ABOUT THIS EXERCISE » List all lines of the data that include the string "imports".

Recorded data »

(* Let $G$ be a path-pairable graph on $n$ vertices with diameter $d \geq 20$. Then $d \leq 6\sqrt{2}\cdot\sqrt{n}$.
   Context: A graph $G$ on $n=2m$ vertices is path-pairable if for every partition of its vertex set into $m$ pairs $\{x_1,y_1\},\dots,\{x_m,y_m\}$ there exist pairwise edge-disjoint paths $P_1,\dots,P_m$ such that $P_i$ joins $x_i$ to $y_i$ for each $i$. The diameter of $G$ is the maximum distance between two vertices of $G$. *)

theory Defs
  imports Complex_Main "HOL-Library.Extended_Nat"
begin

definition simple_graph :: "'a set \<Rightarrow> 'a set set \<Rightarrow> bool" where
  "simple_graph V E \<longleftrightarrow> finite V \<and> (\<forall>e\<in>E. e \<subseteq> V \<and> card e = 2)"

definition is_walk :: "'a set \<Rightarrow> 'a set set \<Rightarrow> 'a list \<Rightarrow> bool" where
  "is_walk V E p \<longleftrightarrow> p \<noteq> [] \<and> set p \<subseteq> V \<and>
     (\<forall>i. Suc i < length p \<longrightarrow> {p ! i, p ! Suc i} \<in> E)"

definition is_path :: "'a set \<Rightarrow> 'a set set \<Rightarrow> 'a list \<Rightarrow> bool" where
  "is_path V E p \<longleftrightarrow> is_walk V E p \<and> distinct p"

definition path_edges :: "'a list \<Rightarrow> 'a set set" where
  "path_edges p = {{p ! i, p ! Suc i} | i. Suc i < length p}"

definition is_pairing :: "'a set \<Rightarrow> 'a set set \<Rightarrow> bool" where
  "is_pairing V M \<longleftrightarrow> \<Union>M = V \<and> (\<forall>e\<in>M. card e = 2) \<and>
     (\<forall>e\<in>M. \<forall>e'\<in>M. e \<noteq> e' \<longrightarrow> e \<inter> e' = {})"

definition path_pairable :: "'a set \<Rightarrow> 'a set set \<Rightarrow> bool" where
  "path_pairable V E \<longleftrightarrow> even (card V) \<and>
     (\<forall>M. is_pairing V M \<longrightarrow>
        (\<exists>P. (\<forall>e\<in>M. is_path V E (P e) \<and> {hd (P e), last (P e)} = e) \<and>
             (\<forall>e\<in>M. \<forall>e'\<in>M. e \<noteq> e' \<longrightarrow> path_edges (P e) \<inter> path_edges (P e') = {})))"

text \<open>Distance (\<infinity> if no walk exists) and diameter.\<close>
definition graph_dist :: "'a set \<Rightarrow> 'a set set \<Rightarrow> 'a \<Rightarrow> 'a \<Rightarrow> enat" where
  "graph_dist V E u v =
     (INF p \<in> {p. is_walk V E p \<and> hd p = u \<and> last p = v}. enat (length p - 1))"

definition diameter :: "'a set \<Rightarrow> 'a set set \<Rightarrow> enat" where
  "diameter V E = (SUP u \<in> V. SUP v \<in> V. graph_dist V E u v)"

end

theory Submission
  imports Defs
begin

text \<open>
  If a vertex set \<open>A\<close> contains at most half of the vertices, pair every vertex of \<open>A\<close> with a
  distinct vertex outside \<open>A\<close> and pair the remaining vertices arbitrarily; the edge-disjoint
  paths joining the straddling pairs each leave \<open>A\<close>, so at least \<open>|A|\<close> edges leave \<open>A\<close>.
  For a ball \<open>B i\<close> of radius \<open>i\<close> these edges all run between the spheres \<open>S i\<close> and
  \<open>S (i + 1)\<close>, so \<open>|B i| \<le> |S i| |S (i + 1)|\<close> while the balls stay small, which forces
  \<open>(r + 1)\<^sup>2 \<le> 4 |B r|\<close>. Around two vertices at distance \<open>d\<close> the balls of radius
  \<open>(d - 1) div 2\<close> are disjoint, so one of them is small; this gives \<open>d\<^sup>2 \<le> 8 n\<close>, stronger than
  the claimed bound, and the hypothesis \<open>d \<ge> 20\<close> is only needed to exclude \<open>d = 0\<close>.
\<close>

lemma is_walk_iff_successively:
  "is_walk V E p \<longleftrightarrow> p \<noteq> [] \<and> set p \<subseteq> V \<and> successively (\<lambda>x y. {x, y} \<in> E) p"
  by (simp add: is_walk_def successively_conv_nth)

EXERCISE OUTPUT »
  imports Complex_Main "HOL-Library.Extended_Nat"
  imports Defs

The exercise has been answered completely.